My psyche is turning over something bigger when I think of Bourdain's death. As anything big does, it stirs that same pot that's always simmering on the backburner of my mind-stove. What does his suicide awaken within my experience, and what is this awakening trying to tell me? I know that I haven't let my brother's death impact me beyond my grief. I haven't reached the point yet where I feel anything but paralyzed by the news that has come out this past week about Anthony Bourdain and Kate Spade's death and their place inside the larger issue of our nation's suicide epidemic. What would it mean for me to take the next step to advocacy?
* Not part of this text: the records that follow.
lemma slack_high:
  assumes "a + 2 \<le> i" "2 * i < c" "c + b \<le> l + a + 2"
  shows "slack c i = 0"
proof -
  have "i \<notin> tI n a b" "c - 1 - i \<notin> tI n a b"
    using assms l_gt b_ge unfolding mem_tI by auto
  then show ?thesis
    using assms unfolding slack_def low_kappa_def rpdiff_def w_def by simp
qed

lemma tail_beyond: "tail (l + 1) = 0"
  unfolding tail_def by simp

lemma tail_pos:
  assumes "c \<le> l"
  shows "0 < tail c"
proof -
  have "0 \<le> (if c \<le> k then y k else 0)" if "k \<in> {1..l}" for k
    using y_pos[of k] that by auto
  then have "(if c \<le> l then y l else 0) \<le> (\<Sum>k\<in>{1..l}. if c \<le> k then y k else 0)"
    using l_gt by (intro member_le_sum) auto
  moreover have "0 < y l" using y_pos l_gt by auto
  moreover have "0 \<le> (\<Sum>i\<in>{1..<l}. if c - 1 \<le> i then w i else 0)"
    by (rule sum_nonneg) (simp add: w_nonneg)
  ultimately show ?thesis
    unfolding tail_def using assms by simp
qed

text \<open>Repeating \<open>rdiff c 1\<close> at index 0 turns the end-of-path identity
  \<open>rdiff_end_difference\<close> into a row of the comparison principle.\<close>
definition rext :: "nat \<Rightarrow> nat \<Rightarrow> real" where
  "rext c k = (if k = 0 then rdiff c 1 else rdiff c k)"

lemma defect_rext:
  assumes "1 \<le> j" "2 * j < c" "4 \<le> c" "c \<le> l + 1"
  shows "defect \<rho> low_kappa (rext c) j = (if j = 1 then 2 * tail c else slack c (j - 1)) + slack c j"
proof (cases "j = 1")
  case True
  then show ?thesis
    using rdiff_end_difference[of c] assms
    unfolding defect_def rext_def slack_def low_kappa_def
    by (simp add: algebra_simps numeral_2_eq_2)
next
  case False
  then have "2 \<le> j" using assms by simp
  then have "\<rho> * (rdiff c (j + 1) - 2 * rdiff c j + rdiff c (j - 1))
      = 2 * rdiff c j + rpdiff c (j - 1) + rpdiff c j"
    using assms by (intro rdiff_second_difference) auto
  moreover have "j - 1 + 1 = j" "j - 1 \<noteq> 0" using \<open>2 \<le> j\<close> by auto
  ultimately show ?thesis
    using False unfolding defect_def rext_def slack_def by (simp add: algebra_simps)
qed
Also, I've heard much said about how ironic it is that he had America's dream job and a beautiful life and he still wasn't happy. It is ironic, but it's not surprising to anyone who knows mental illness. That cavern can't be filled so easily. What my mind goes to is his genius. I didn't know him personally, but it definitely seemed like he was someone who didn't hold back. He lived completely and put his whole self on the line when he interacted with the world. He packed a lot of living into his 61 years, and I have the (probably wrong) gut reaction of thinking "If I were him, I'd have no regrets, no dream without pursuit." I'm positive he had regrets, but he could never say that he didn't go all out when pursuing his passions and dreams. He couldn't have been more successful or influential in his field. I reach the end of each day with a list of places I held back when I should have charged forward. I look inward and find I've gummed my psyche with a series of mundane numbing mechanisms. Ultimately his end leaves me thinking of my own. What will I regret? What ways am I sabotaging my own destiny because I'm submitting to the expectations of my lesser self?

Anthony Bourdain, you had a responsibility to finish your work here, and you bailed on us. My prayer is that you find completion in the next that you could not find here. Rest in peace and wholeness, dear child of God.